Tuesday, October 19, 2010

Visiting the Cyber-Temple: Ongoing Hindu Negotiations with Virtual Puja

In an increasingly fast-paced world, followers of different faiths are turning to technology to facilitate otherwise “inconvenient” aspects of their faith. One such instance of this is the development of Hindu puja-purchasing websites, such as EParthana.com. Puja (or pooja, as it is sometimes referred to) is an important Hindu ritual in which devotees present offerings such as water, flowers, or food, to a specific deity in order to receive their blessing. Parthana, as the website is named after, refers to the Sanskirt hymn sung at the end of a daily sakha. The website offers remote Hindu followers the possibility to purchase an archana (blessing) to be performed at a specific temple by an EParthana employee, who will then mail the prasadam (blessed offering) to the customer. Additionally, website visitors can perform virtual puja, in which a graphic depiction of a specific Hindu deity is displayed, accompanied by an appropriate musical mantra, and with which users can interact--offering digital flowers, incense, bells, and food to the image in a virtual act of puja. In fact, the site encourages users to use this multimedia experience as a means to practice their daily puja.
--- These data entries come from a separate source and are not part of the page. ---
(* Identify a point p of P^5 with its polynomial P of degree <= 5, i.e. (by Lagrange
   interpolation) with its six values P(theta_k).  In these "value coordinates" the three
   quadrics cutting out S read  Q_m(p) = sum_k theta_k^m P(theta_k)^2 / omega_k,  m = 0,1,2,
   and the line Delta_0 (plus the origin) is the set of p whose values are affine in theta_k.
   The basic tool is the classical identity  sum_k R(theta_k)/omega_k = 0  for deg R <= 4.

   B acts on theta-coordinates by a Moebius map sending theta_i to theta_(sigma i).
   The linear map  (A p)(theta_(sigma i)) = (det B / den_i) * P(theta_i),  den_i the Moebius
   denominator at theta_i, maps affine value vectors to affine ones (so restricts to B on
   Delta_0) and multiplies the quadrics by a common nonzero constant after an invertible
   change of basis of span(Q_0,Q_1,Q_2); hence A lies in GL_0(S).

   If A' is another such map, D = A^-1 A' preserves S and is a scalar
   c on Delta_0.  Testing D on the sign vectors y_j (values -1 at j, 1 elsewhere) and on
   combinations of them with Delta_0 that lie on S forces D y_j = c y_j; as the y_j together
   with Delta_0 span everything (char <> 2), D = c, i.e. A' = c A. *)

section \<open>Lagrange interpolation at finitely many distinct nodes\<close>

definition node_prod :: "(nat \<Rightarrow> 'a::field) \<Rightarrow> nat set \<Rightarrow> nat \<Rightarrow> 'a" where
  "node_prod \<theta> K k = (\<Prod>l\<in>K-{k}. \<theta> k - \<theta> l)"

definition lagrange_basis :: "(nat \<Rightarrow> 'a::field) \<Rightarrow> nat set \<Rightarrow> nat \<Rightarrow> 'a poly" where
  "lagrange_basis \<theta> K k = (\<Prod>l\<in>K-{k}. [:- \<theta> l, 1:])"

lemma poly_lagrange_basis: "poly (lagrange_basis \<theta> K k) x = (\<Prod>l\<in>K-{k}. x - \<theta> l)"
  by (simp add: lagrange_basis_def poly_prod)

lemma node_prod_nonzero:
  assumes "finite K" "inj_on \<theta> K" "k \<in> K"
  shows "node_prod \<theta> K k \<noteq> 0"
  using assms by (auto simp: node_prod_def inj_on_def)

lemma lagrange_basis_at_node:
  assumes "finite K" "j \<in> K" "k \<in> K"
  shows "poly (lagrange_basis \<theta> K k) (\<theta> j) = (if j = k then node_prod \<theta> K k else 0)"
proof (cases "j = k")
  case True
  then show ?thesis by (simp add: poly_lagrange_basis node_prod_def)
next
  case False
  then have "j \<in> K - {k}" using assms by auto
  then show ?thesis using False assms(1) by (auto simp: poly_lagrange_basis intro!: prod_zero)
qed

lemma degree_lagrange_basis:
  assumes "finite K" "k \<in> K"
  shows "degree (lagrange_basis \<theta> K k) = card K - 1"
    and "coeff (lagrange_basis \<theta> K k) (card K - 1) = 1"
proof -
  have "degree (lagrange_basis \<theta> K k) = (\<Sum>l\<in>K-{k}. degree [:- \<theta> l, 1:])"
    unfolding lagrange_basis_def by (rule degree_prod_eq_sum_degree) auto
  also have "\<dots> = card K - 1" using assms by simp
  finally show deg: "degree (lagrange_basis \<theta> K k) = card K - 1" .
  have "lead_coeff (lagrange_basis \<theta> K k) = 1"
    unfolding lagrange_basis_def lead_coeff_prod by simp
  then show "coeff (lagrange_basis \<theta> K k) (card K - 1) = 1" using deg by simp
qed

definition lagrange_interp :: "(nat \<Rightarrow> 'a::field) \<Rightarrow> nat set \<Rightarrow> (nat \<Rightarrow> 'a) \<Rightarrow> 'a poly" where
  "lagrange_interp \<theta> K v = (\<Sum>k\<in>K. smult (v k / node_prod \<theta> K k) (lagrange_basis \<theta> K k))"

lemma degree_lagrange_interp:
  assumes "finite K" "K \<noteq> {}"
  shows "degree (lagrange_interp \<theta> K v) < card K"
proof -
  have "degree (lagrange_interp \<theta> K v) \<le> card K - 1"
    unfolding lagrange_interp_def
    by (rule degree_sum_le) (use assms in \<open>auto simp: degree_lagrange_basis\<close>)
  moreover have "card K > 0" using assms by (simp add: card_gt_0_iff)
  ultimately show ?thesis by linarith
qed

lemma poly_lagrange_interp:
  assumes "finite K" "inj_on \<theta> K" "j \<in> K"
  shows "poly (lagrange_interp \<theta> K v) (\<theta> j) = v j"
proof -
  have "poly (lagrange_interp \<theta> K v) (\<theta> j)
          = (\<Sum>k\<in>K. v k / node_prod \<theta> K k * poly (lagrange_basis \<theta> K k) (\<theta> j))"
    by (simp add: lagrange_interp_def poly_sum)
  also have "\<dots> = (\<Sum>k\<in>K. if k = j then v j else 0)"
    using assms by (intro sum.cong) (auto simp: lagrange_basis_at_node node_prod_nonzero)
  also have "\<dots> = v j" using assms by simp
  finally show ?thesis .
qed

lemma lagrange_interp_self:
  assumes "finite K" "inj_on \<theta> K" "degree R < card K"
  shows "R = lagrange_interp \<theta> K (\<lambda>k. poly R (\<theta> k))"
proof (rule poly_eqI_degree[of "\<theta> ` K"])
  show "poly R x = poly (lagrange_interp \<theta> K (\<lambda>k. poly R (\<theta> k))) x" if "x \<in> \<theta> ` K" for x
    using that assms by (auto simp: poly_lagrange_interp)
  have "K \<noteq> {}" using assms(3) by auto
  then show "degree R < card (\<theta> ` K)" "degree (lagrange_interp \<theta> K (\<lambda>k. poly R (\<theta> k))) < card (\<theta> ` K)"
    using assms degree_lagrange_interp by (simp_all add: card_image)
qed

lemma lagrange_top_coeff:
  assumes "finite K" "inj_on \<theta> K" "degree R < card K"
  shows "coeff R (card K - 1) = (\<Sum>k\<in>K. poly R (\<theta> k) / node_prod \<theta> K k)"
proof -
  have "coeff R (card K - 1) = coeff (lagrange_interp \<theta> K (\<lambda>k. poly R (\<theta> k))) (card K - 1)"
    using lagrange_interp_self[OF assms] by simp
  also have "\<dots> = (\<Sum>k\<in>K. poly R (\<theta> k) / node_prod \<theta> K k)"
    unfolding lagrange_interp_def coeff_sum
    using assms degree_lagrange_basis(2) by (intro sum.cong) auto
  finally show ?thesis .
qed

lemma lagrange_sum_vanishes:
  assumes "finite K" "inj_on \<theta> K" "degree R < card K - 1"
  shows "(\<Sum>k\<in>K. poly R (\<theta> k) / node_prod \<theta> K k) = 0"
  using lagrange_top_coeff[OF assms(1,2), of R] assms(3) by (simp add: coeff_eq_0)

lemma lagrange_degree_drop:
  assumes "finite K" "inj_on \<theta> K" "Suc m < card K" "degree G < card K - m"
    and "(\<Sum>k\<in>K. \<theta> k ^ m * poly G (\<theta> k) / node_prod \<theta> K k) = 0"
  shows "degree G < card K - Suc m"
proof -
  define R where "R = monom 1 m * G"
  have poly_R: "poly R x = x ^ m * poly G x" for x
    by (simp add: R_def poly_monom)
  have "degree R < card K"
  proof (cases "G = 0")
    case False
    then show ?thesis using assms(4) by (simp add: R_def degree_mult_eq degree_monom_eq)
  qed (use assms(3) in \<open>simp add: R_def\<close>)
  then have "coeff R (card K - 1) = 0"
    using lagrange_top_coeff[OF assms(1,2)] assms(5) by (simp add: poly_R)
  moreover have "card K - 1 = m + (card K - Suc m)" using assms(3) by simp
  ultimately have "coeff G (card K - Suc m) = 0"
    by (simp add: R_def coeff_monom_mult)
  moreover have "degree G \<le> card K - Suc m" using assms(4) by simp
  ultimately show ?thesis using assms(3)
    by (metis le_neq_implies_less leading_coeff_0_iff degree_0 zero_less_diff)
qed


section \<open>Points of P^5 as polynomials of degree at most 5\<close>

lemma evalP_add: "evalP (p + q) x = evalP p x + evalP q x"
  by (simp add: evalP_def algebra_simps)

lemma evalP_diff: "evalP (p - q) x = evalP p x - evalP q x"
  by (simp add: evalP_def algebra_simps)

lemma evalP_scale: "evalP (c *s p) x = c * evalP p x"
  by (simp add: evalP_def algebra_simps)

lemma evalP_zero: "evalP 0 x = 0"
  by (simp add: evalP_def)

lemma evalP_sum: "evalP (sum f A) x = (\<Sum>a\<in>A. evalP (f a) x)"
  by (induction A rule: infinite_finite_induct) (auto simp: evalP_add evalP_zero)

lemma evalP_emb2: "evalP (emb2 u) x = u$0 + u$1 * x"
  by (simp add: emb2_def evalP_def)

lemma exhaust_6:
  fixes x :: 6
  shows "x = 0 \<or> x = 1 \<or> x = 2 \<or> x = 3 \<or> x = 4 \<or> x = 5"
proof (induct x)
  case (of_int z)
  then have "z = 0 \<or> z = 1 \<or> z = 2 \<or> z = 3 \<or> z = 4 \<or> z = 5" by fastforce
  then show ?case by auto
qed

definition poly_of_vec :: "'a::field ^ 6 \<Rightarrow> 'a poly" where
  "poly_of_vec p = [:p$0, p$1, p$2, p$3, p$4, p$5:]"

definition vec_of_poly :: "'a::field poly \<Rightarrow> 'a ^ 6" where
  "vec_of_poly G = (\<chi> i. if i = 0 then coeff G 0 else if i = 1 then coeff G 1 else
     if i = 2 then coeff G 2 else if i = 3 then coeff G 3 else if i = 4 then coeff G 4 else coeff G 5)"

lemma poly_poly_of_vec: "poly (poly_of_vec p) x = evalP p x"
  by (simp add: poly_of_vec_def evalP_def algebra_simps power2_eq_square power3_eq_cube
      power_numeral_reduce)

lemma degree_poly_of_vec: "degree (poly_of_vec p) \<le> 5"
  unfolding poly_of_vec_def by (simp add: degree_pCons_le le_SucI eval_nat_numeral)

lemma poly_of_vec_inj:
  assumes "poly_of_vec p = poly_of_vec q"
  shows "p = q"
proof -
  have "p$i = q$i" for i
    using assms exhaust_6[of i] by (auto simp: poly_of_vec_def)
  then show ?thesis by (simp add: vec_eq_iff)
qed

lemma poly_bounded_degree:
  fixes G :: "'a::comm_semiring_1 poly"
  assumes "degree G \<le> n"
  shows "poly G x = (\<Sum>i\<le>n. coeff G i * x ^ i)"
  unfolding poly_altdef using assms by (intro sum.mono_neutral_left) (auto simp: coeff_eq_0)

lemma evalP_vec_of_poly:
  fixes G :: "'a::field poly"
  assumes "degree G \<le> 5"
  shows "evalP (vec_of_poly G) x = poly G x"
proof -
  have "poly G x = (\<Sum>i\<le>5. coeff G i * x ^ i)"
    using poly_bounded_degree[OF assms] .
  then show ?thesis
    by (simp add: vec_of_poly_def evalP_def eval_nat_numeral atMost_Suc algebra_simps)
qed

section \<open>Value coordinates at six distinct nodes\<close>

locale six_nodes =
  fixes \<theta> :: "nat \<Rightarrow> 'a::field"
  assumes distinct_nodes: "inj_on \<theta> {1..6}"
begin

abbreviation ev :: "'a^6 \<Rightarrow> nat \<Rightarrow> 'a" where
  "ev p k \<equiv> evalP p (\<theta> k)"

lemma nodes_ne: "a \<in> {1..6} \<Longrightarrow> b \<in> {1..6} \<Longrightarrow> a \<noteq> b \<Longrightarrow> \<theta> a \<noteq> \<theta> b"
  using distinct_nodes by (auto simp: inj_on_def)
Such new media variations of traditional worships have received mixed critiques by scholars. In his article "Internet Threats to Hindu Authority," Heinz Scheifinger argues that such puja-ordering sites pose a threat to the authorities of traditional temple priests and administration. On the contrary, in another article entitled "Hinduism and Cyberspace," he states that he does not find acts of online puja to be problematic or sacreligious because "by virtue of the very fact that the puja ritual (like any other ritual) is a symbolic act, its performance only requires signifiers to represent the actual props conventionally used because these props are themselves symbolic signifiers." His only suggestion is that "the practitioner approaches worship sincerely and in the right frame of mind." In this sense, new technology is negotiated not so much in terms of physical space or issues, but in terms of mental approach. Worship is considered valid so long as it is approached with an honest heart; physicality is no longer essential to access the divine. In the book Cyberhenge: Modern Pagans on the Internet (a rather unfortunate book title), Douglas Cowan compares the online-puja movement to virtual Catholic mass in its inferiority--the sensuousness of the traditional ritual is gone, and certain critical ritualistic elements such as cleaning the deities cannot be authentically replicated online.

In my research, I struggled to find any arguments by Hindus (or at least, not any in English) in support of these virtual worship acts. It is unclear how popular such websites are and what tends to be the attitude of Hindus toward these sites. Clearly the communication used by Hindus to defend or refute the sanctity of such acts--and the importance of traditional authority within the faith--will determine whether this becomes an acceptable religious use of technology or a condemned one.